• What the task requires: Within the material below, transcribe exactly the lines from the one holding "using \<open>a >" through the one holding "rho Q (Zmap", keeping both ends and skipping the rest.

::::::::::

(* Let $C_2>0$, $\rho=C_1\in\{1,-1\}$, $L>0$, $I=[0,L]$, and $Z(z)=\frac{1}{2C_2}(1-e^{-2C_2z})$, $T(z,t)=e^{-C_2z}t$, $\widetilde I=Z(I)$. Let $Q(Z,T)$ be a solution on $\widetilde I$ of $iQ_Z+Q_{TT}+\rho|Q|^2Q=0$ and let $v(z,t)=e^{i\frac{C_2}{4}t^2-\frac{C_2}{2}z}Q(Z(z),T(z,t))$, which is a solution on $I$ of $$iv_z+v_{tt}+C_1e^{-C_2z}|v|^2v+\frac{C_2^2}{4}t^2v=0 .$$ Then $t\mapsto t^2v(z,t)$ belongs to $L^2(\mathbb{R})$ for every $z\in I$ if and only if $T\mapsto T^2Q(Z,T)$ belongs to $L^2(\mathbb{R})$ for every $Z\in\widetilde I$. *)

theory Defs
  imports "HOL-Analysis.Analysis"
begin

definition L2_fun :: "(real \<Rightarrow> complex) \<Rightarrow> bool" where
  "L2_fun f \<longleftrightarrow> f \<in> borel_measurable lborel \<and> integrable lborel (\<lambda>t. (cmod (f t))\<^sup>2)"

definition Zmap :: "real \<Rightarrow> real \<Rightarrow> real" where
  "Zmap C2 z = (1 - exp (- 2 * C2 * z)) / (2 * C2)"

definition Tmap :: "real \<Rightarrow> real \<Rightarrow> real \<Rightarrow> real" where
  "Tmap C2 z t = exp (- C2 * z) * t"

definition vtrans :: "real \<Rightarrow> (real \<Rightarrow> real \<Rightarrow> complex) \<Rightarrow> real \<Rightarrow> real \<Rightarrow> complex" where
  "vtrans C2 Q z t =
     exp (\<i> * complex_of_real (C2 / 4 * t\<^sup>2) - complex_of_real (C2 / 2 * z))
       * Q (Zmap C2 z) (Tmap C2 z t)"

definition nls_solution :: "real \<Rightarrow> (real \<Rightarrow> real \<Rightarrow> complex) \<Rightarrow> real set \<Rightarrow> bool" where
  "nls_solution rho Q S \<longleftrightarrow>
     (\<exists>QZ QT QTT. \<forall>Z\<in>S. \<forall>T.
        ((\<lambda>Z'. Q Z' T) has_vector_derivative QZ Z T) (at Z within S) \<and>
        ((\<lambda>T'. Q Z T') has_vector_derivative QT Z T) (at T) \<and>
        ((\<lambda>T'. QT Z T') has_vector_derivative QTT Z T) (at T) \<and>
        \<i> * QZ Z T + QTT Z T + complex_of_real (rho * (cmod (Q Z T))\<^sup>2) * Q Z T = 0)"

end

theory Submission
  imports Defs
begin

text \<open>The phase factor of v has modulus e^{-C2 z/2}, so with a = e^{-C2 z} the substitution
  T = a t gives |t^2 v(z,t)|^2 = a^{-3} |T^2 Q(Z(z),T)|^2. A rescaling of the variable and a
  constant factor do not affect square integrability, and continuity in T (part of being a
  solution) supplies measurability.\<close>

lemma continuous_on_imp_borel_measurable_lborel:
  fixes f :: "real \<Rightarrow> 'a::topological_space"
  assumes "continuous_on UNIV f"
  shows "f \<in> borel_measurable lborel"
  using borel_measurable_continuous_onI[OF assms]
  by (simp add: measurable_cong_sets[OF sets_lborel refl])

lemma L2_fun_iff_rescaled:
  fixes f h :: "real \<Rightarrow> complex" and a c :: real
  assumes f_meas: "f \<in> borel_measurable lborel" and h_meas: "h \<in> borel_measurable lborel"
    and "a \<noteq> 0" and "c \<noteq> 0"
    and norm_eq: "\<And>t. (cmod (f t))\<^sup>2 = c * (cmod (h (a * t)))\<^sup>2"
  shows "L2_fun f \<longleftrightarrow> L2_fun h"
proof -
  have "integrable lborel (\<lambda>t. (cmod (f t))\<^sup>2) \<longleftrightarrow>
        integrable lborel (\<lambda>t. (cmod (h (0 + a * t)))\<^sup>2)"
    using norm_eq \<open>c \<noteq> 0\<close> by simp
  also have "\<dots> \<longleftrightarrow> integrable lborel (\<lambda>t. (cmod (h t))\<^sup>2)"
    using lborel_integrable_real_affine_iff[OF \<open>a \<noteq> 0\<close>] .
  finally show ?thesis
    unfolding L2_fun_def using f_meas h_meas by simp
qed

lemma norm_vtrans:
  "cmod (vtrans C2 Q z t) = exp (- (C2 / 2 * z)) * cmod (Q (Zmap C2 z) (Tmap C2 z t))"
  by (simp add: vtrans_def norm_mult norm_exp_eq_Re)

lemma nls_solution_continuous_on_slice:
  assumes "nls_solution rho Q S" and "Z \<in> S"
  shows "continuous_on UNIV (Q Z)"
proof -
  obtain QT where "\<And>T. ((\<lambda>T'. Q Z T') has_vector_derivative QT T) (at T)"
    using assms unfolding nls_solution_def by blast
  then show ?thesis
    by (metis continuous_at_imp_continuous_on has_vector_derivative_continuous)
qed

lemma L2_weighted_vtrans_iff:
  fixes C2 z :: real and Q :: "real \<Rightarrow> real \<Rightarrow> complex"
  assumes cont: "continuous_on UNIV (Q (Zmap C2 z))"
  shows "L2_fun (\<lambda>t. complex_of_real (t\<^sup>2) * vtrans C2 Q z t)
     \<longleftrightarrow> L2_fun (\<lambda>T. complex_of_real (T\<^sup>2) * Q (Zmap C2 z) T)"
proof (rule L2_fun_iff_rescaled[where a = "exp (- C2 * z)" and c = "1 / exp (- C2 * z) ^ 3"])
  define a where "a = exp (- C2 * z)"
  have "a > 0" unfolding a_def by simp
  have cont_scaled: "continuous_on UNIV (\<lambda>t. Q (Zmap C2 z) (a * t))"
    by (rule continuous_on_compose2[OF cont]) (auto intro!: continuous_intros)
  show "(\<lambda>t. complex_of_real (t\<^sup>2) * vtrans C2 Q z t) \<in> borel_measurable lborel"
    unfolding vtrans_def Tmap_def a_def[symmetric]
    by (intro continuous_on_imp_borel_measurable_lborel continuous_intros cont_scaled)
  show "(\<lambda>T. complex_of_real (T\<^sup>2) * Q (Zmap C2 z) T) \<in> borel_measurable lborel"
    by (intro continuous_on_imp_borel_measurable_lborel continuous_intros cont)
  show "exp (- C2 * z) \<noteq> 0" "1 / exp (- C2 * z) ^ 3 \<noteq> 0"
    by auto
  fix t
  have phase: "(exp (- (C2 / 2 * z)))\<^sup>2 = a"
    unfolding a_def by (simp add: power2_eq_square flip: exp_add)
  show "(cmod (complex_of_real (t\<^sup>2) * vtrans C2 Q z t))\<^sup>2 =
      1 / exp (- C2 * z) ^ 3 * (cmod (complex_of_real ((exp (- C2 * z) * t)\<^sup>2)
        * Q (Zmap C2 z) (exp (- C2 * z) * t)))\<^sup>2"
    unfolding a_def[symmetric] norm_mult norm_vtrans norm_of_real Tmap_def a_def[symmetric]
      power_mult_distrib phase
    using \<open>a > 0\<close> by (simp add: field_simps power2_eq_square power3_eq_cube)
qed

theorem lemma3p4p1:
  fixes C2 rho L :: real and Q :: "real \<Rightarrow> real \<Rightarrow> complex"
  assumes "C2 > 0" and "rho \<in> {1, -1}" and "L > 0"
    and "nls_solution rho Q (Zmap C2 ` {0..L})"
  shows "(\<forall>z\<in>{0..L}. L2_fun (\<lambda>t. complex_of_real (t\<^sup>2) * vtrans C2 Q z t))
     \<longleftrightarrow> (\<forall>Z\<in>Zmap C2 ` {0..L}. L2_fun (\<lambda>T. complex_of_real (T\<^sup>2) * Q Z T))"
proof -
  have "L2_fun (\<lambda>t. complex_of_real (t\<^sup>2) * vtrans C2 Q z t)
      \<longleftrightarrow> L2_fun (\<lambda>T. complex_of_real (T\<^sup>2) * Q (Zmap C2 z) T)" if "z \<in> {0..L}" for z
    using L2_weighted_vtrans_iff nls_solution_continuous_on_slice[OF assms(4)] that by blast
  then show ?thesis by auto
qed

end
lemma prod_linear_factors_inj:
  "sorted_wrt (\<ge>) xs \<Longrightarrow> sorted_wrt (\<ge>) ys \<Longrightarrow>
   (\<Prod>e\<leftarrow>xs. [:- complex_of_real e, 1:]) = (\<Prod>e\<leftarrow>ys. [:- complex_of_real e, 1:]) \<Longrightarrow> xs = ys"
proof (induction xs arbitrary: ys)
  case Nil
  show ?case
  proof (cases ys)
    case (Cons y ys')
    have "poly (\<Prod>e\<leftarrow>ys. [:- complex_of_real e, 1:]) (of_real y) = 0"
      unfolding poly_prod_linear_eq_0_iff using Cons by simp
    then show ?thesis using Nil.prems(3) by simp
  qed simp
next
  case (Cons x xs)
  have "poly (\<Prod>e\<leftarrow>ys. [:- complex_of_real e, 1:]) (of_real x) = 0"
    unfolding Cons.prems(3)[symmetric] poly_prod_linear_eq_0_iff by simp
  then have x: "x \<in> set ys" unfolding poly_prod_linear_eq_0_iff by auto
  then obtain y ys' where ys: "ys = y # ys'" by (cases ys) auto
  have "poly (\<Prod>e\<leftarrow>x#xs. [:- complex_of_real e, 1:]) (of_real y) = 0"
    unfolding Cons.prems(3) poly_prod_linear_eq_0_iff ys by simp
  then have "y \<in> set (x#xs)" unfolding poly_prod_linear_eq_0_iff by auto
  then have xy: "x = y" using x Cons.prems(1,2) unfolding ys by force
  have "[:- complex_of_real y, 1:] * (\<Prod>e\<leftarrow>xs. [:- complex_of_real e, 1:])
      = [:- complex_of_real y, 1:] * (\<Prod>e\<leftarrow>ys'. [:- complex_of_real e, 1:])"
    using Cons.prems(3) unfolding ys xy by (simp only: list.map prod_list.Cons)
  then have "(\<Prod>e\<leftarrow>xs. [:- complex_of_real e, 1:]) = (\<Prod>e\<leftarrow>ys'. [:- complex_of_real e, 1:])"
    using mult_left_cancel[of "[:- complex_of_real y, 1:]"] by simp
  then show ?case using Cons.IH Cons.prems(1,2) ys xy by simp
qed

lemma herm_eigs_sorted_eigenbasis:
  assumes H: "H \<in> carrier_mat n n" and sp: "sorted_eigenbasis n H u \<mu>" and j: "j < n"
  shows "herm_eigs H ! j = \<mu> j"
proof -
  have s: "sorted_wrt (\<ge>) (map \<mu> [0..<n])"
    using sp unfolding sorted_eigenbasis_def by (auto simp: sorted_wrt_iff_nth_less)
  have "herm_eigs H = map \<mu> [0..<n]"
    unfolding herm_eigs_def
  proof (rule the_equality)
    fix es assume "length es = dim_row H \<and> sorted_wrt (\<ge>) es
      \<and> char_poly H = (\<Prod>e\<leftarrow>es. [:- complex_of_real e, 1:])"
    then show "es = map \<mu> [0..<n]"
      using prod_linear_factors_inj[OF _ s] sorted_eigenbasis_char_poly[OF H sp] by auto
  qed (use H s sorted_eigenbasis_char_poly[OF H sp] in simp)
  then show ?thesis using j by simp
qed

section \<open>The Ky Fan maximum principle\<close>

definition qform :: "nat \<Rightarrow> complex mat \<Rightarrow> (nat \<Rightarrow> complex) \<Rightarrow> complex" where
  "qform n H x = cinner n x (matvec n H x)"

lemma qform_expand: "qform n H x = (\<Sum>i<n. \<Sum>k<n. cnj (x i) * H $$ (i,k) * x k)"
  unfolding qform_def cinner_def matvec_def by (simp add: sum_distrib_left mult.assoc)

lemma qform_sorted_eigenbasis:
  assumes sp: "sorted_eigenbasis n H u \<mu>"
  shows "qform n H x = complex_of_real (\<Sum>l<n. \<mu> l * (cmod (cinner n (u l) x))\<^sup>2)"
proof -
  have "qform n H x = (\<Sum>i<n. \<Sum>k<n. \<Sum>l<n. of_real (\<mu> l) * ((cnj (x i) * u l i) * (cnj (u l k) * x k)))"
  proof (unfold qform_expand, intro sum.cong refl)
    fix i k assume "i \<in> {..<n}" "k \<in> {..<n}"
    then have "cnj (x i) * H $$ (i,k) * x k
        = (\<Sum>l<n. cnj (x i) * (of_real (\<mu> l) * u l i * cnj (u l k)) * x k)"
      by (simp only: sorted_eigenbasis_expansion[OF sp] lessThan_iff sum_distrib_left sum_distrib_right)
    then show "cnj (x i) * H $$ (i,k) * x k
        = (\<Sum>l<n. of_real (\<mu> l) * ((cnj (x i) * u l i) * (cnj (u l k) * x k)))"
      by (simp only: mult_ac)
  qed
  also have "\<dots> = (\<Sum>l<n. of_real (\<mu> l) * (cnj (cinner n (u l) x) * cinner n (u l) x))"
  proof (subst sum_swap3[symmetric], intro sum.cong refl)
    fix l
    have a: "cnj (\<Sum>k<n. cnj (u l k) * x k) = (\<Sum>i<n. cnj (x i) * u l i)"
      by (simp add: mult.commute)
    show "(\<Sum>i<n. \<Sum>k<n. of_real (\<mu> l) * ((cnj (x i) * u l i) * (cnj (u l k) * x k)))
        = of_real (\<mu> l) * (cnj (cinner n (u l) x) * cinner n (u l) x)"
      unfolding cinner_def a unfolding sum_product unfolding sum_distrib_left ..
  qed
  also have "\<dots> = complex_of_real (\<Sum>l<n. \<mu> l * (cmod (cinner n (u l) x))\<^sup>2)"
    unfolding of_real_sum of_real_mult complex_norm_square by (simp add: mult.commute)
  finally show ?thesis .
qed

::::::::::

• Task solution:
    using \<open>a > 0\<close> by (simp add: field_simps power2_eq_square power3_eq_cube)
qed

theorem lemma3p4p1:
  fixes C2 rho L :: real and Q :: "real \<Rightarrow> real \<Rightarrow> complex"
  assumes "C2 > 0" and "rho \<in> {1, -1}" and "L > 0"
    and "nls_solution rho Q (Zmap C2 ` {0..L})"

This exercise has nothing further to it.